It started raining—AGAIN—so we left Sturbridge and drove north to Lincoln, NH.
Other than losing our reservation (moral: ALWAYS keep your confirmations!), the InnSeasons Pollard Brook Resort in Lincoln is very nice. What is not nice is that our unit is on the third floor—THIRD!—floor and there are no elevators! I’m sure climbing to the third floor is God’s punishment for our bringing so many things with us.
There is so much stuff to do in Lincoln that we tried to extend our timeshare here for another week, but according to Interval International (our exchange company) there isn’t a timeshare to be had for the rest of the summer in all of New England. I find that hard to believe, but nevertheless that’s what they say. We’ll have to make the best of our time here.
So we spent the week doing really touristy stuff: looking for moose. So far I have seen one and a half moose and no mooselets. The half moose was the back half of a moose disappearing into the trees. There are supposed to be more moose than people up here but you can’t convince me of that!
OK, OK, we’ve done a lot of other stuff, too. The humidity has been close to unbearable but at least it’s not raining. At least not much right here. The TV the previous night (May 26th) had had dire warnings about possible tornadoes and torrential rains in the mid- and eastern areas of Vermont. No mention of New Hampshire, but it WAS a Vermont station and the weather maps seemed to ended at the border of VT. They were right, at least about the torrential rains.
On the 27th we decided to drive to Montpelier VT and visit the Cabot Creamery along the way. US2 was completely closed and the state routes we took to get to Montpelier were barely open. The rain had caused dramatic problems with streets and driveways, many of which looked as if they would take days to fix enough for people to just get out of their driveways. The Cabot Creamery was open but not actively making cheese as they had had no power until the middle of the night. When we finally got to Montpelier, many restaurants and shops were closed to business but their doors were open to get the flood waters from the Winooski River out of the stores and basements. All the roads were a mess. One of the “Road Work Ahead” signs had covered up the “Ahead” and put “Everywhere” in its place.
Our guide, Liz, and Saint-Gaudens' bas relief of Col. Shaw |
Augustus Saint-Gaudens home, Aspet |
One of the hundreds of flowers in bloom |
Saint-Gaudens' home is in Cornish, NH, was built in 1800 and extensively remodeled by him and his wife. It and the grounds are, as you might suspect, stunning.
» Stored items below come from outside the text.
lemma local_turn_int:
  assumes "start_dir p \<noteq> 0" "end_dir p \<noteq> 0" "start_dir q \<noteq> 0"
  shows "local_turn p q = of_int (round (local_turn p q))"
proof -
  obtain n1 :: int where n1: "piece_turn p - Arg (end_dir p) + Arg (start_dir p) = 2 * pi * n1"
    using piece_turn_int assms by blast
  obtain n2 :: int where n2: "Arg (start_dir q / end_dir p) - Arg (start_dir q) + Arg (end_dir p) = 2 * pi * n2"
    using Arg_div_int assms by blast
  have "local_turn p q = of_int (n1 + n2)"
    unfolding local_turn_def corner_turn_def using n1 n2 by (simp add: field_simps)
  then show ?thesis by (metis round_of_int)
qed

lemma sum_cyclic_shift:
  assumes "n > 0"
  shows "(\<Sum>k<n. f (Suc k mod n)) = (\<Sum>k<n. (f k :: real))"
proof -
  obtain n' where n: "n = Suc n'" using assms by (cases n) auto
  have "(\<Sum>k<Suc n'. f (Suc k mod Suc n')) = (\<Sum>k<n'. f (Suc k)) + f 0"
    by (simp add: sum.lessThan_Suc)
  also have "\<dots> = (\<Sum>k<Suc n'. f k)"
    by (subst sum.lessThan_Suc_shift) simp
  finally show ?thesis using n by simp
qed

text \<open>The normalising Arg terms telescope around the closed curve.\<close>
lemma total_turning_local:
  assumes "ps \<noteq> []"
  shows "total_turning ps = 2 * pi * (\<Sum>k<length ps. local_turn (ps ! k) (next_piece ps k))"
proof -
  let ?n = "length ps"
  let ?a = "\<lambda>k. Arg (start_dir (ps ! k))"
  have "total_turning ps
      = (\<Sum>k<?n. 2 * pi * local_turn (ps ! k) (next_piece ps k) + (?a (Suc k mod ?n) - ?a k))"
    unfolding total_turning_def by (rule sum.cong) (auto simp: local_turn_def next_piece_def)
  also have "\<dots> = 2 * pi * (\<Sum>k<?n. local_turn (ps ! k) (next_piece ps k))
                  + ((\<Sum>k<?n. ?a (Suc k mod ?n)) - (\<Sum>k<?n. ?a k))"
    by (simp add: sum.distrib sum_subtractf sum_distrib_left)
  also have "(\<Sum>k<?n. ?a (Suc k mod ?n)) = (\<Sum>k<?n. ?a k)"
    using assms by (intro sum_cyclic_shift) simp
  finally show ?thesis by simp
qed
He called it “Aspet,” and summered there from 1885 to 1900 and lived full-time there after that until his death in 1907. During his life the grounds included (but do no longer, unfortunately) a swimming pool, bowling green(!), and nine-hole golf course. Throughout his working life he collaborated with many landscape designers and leading architects, including his friend, Stanford White, to enhance his sculptures with equally beautiful and unique settings for them. We took several tours while we were at the Saint-Gaudens National Historic Site including his home as it was in 1900 and tour of his art that graces the grounds.
We’ve spent a lot of time touring New Hampshire looking for covered bridges. They are really big on covered bridges in NH! There are whole maps devoted to covered bridges. Some are drivable, some are walkable, and some are so fragile that we could only look at them. They come in many different designs and suspensions and really are quite beautiful. More so when it’s sunny, of course, but we take what we can get!